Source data

______

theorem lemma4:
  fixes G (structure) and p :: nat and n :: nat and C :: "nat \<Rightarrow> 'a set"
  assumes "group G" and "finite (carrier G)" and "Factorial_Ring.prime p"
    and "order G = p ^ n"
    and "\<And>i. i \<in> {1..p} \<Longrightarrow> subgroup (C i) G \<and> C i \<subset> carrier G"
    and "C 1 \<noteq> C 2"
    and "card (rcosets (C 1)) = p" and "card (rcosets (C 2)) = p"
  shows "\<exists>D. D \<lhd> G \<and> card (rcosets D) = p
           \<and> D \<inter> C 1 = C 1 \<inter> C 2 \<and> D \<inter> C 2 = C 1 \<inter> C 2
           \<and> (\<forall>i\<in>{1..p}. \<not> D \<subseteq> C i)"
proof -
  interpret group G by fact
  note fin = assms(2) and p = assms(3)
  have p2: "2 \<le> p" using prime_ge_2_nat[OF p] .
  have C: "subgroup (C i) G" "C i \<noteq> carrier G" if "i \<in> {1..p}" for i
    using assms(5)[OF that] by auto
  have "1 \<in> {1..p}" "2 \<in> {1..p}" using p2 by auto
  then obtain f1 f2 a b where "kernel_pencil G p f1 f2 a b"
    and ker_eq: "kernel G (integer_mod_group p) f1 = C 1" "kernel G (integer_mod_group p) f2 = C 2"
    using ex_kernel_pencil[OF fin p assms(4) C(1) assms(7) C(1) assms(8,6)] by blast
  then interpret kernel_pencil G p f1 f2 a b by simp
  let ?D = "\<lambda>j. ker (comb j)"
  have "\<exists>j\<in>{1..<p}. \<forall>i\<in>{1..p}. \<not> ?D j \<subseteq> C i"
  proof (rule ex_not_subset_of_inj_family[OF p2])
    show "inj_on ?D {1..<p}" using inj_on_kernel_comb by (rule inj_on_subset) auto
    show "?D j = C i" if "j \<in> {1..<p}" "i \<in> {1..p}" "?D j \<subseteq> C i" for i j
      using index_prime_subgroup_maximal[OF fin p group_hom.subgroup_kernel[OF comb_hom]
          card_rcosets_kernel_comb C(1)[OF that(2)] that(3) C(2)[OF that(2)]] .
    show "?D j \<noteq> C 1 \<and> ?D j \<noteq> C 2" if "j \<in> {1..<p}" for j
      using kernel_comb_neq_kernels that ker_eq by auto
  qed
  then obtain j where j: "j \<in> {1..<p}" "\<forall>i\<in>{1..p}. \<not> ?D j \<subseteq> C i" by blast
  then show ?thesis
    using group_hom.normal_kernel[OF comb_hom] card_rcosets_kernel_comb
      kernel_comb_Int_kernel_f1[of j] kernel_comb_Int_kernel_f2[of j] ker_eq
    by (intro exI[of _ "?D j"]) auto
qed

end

______

#### YOUR ASSIGNMENT:
Starting with the line with "prime_ge_2_nat[OF p] ." above and going on through the line with "then show ?thesis", transcribe every line exactly, both ends included, and add nothing.

#### ANSWER FOR THIS EXERCISE:
  have p2: "2 \<le> p" using prime_ge_2_nat[OF p] .
  have C: "subgroup (C i) G" "C i \<noteq> carrier G" if "i \<in> {1..p}" for i
    using assms(5)[OF that] by auto
  have "1 \<in> {1..p}" "2 \<in> {1..p}" using p2 by auto
  then obtain f1 f2 a b where "kernel_pencil G p f1 f2 a b"
    and ker_eq: "kernel G (integer_mod_group p) f1 = C 1" "kernel G (integer_mod_group p) f2 = C 2"
    using ex_kernel_pencil[OF fin p assms(4) C(1) assms(7) C(1) assms(8,6)] by blast
  then interpret kernel_pencil G p f1 f2 a b by simp
  let ?D = "\<lambda>j. ker (comb j)"
  have "\<exists>j\<in>{1..<p}. \<forall>i\<in>{1..p}. \<not> ?D j \<subseteq> C i"
  proof (rule ex_not_subset_of_inj_family[OF p2])
    show "inj_on ?D {1..<p}" using inj_on_kernel_comb by (rule inj_on_subset) auto
    show "?D j = C i" if "j \<in> {1..<p}" "i \<in> {1..p}" "?D j \<subseteq> C i" for i j
      using index_prime_subgroup_maximal[OF fin p group_hom.subgroup_kernel[OF comb_hom]
          card_rcosets_kernel_comb C(1)[OF that(2)] that(3) C(2)[OF that(2)]] .
    show "?D j \<noteq> C 1 \<and> ?D j \<noteq> C 2" if "j \<in> {1..<p}" for j
      using kernel_comb_neq_kernels that ker_eq by auto
  qed
  then obtain j where j: "j \<in> {1..<p}" "\<forall>i\<in>{1..p}. \<not> ?D j \<subseteq> C i" by blast
  then show ?thesis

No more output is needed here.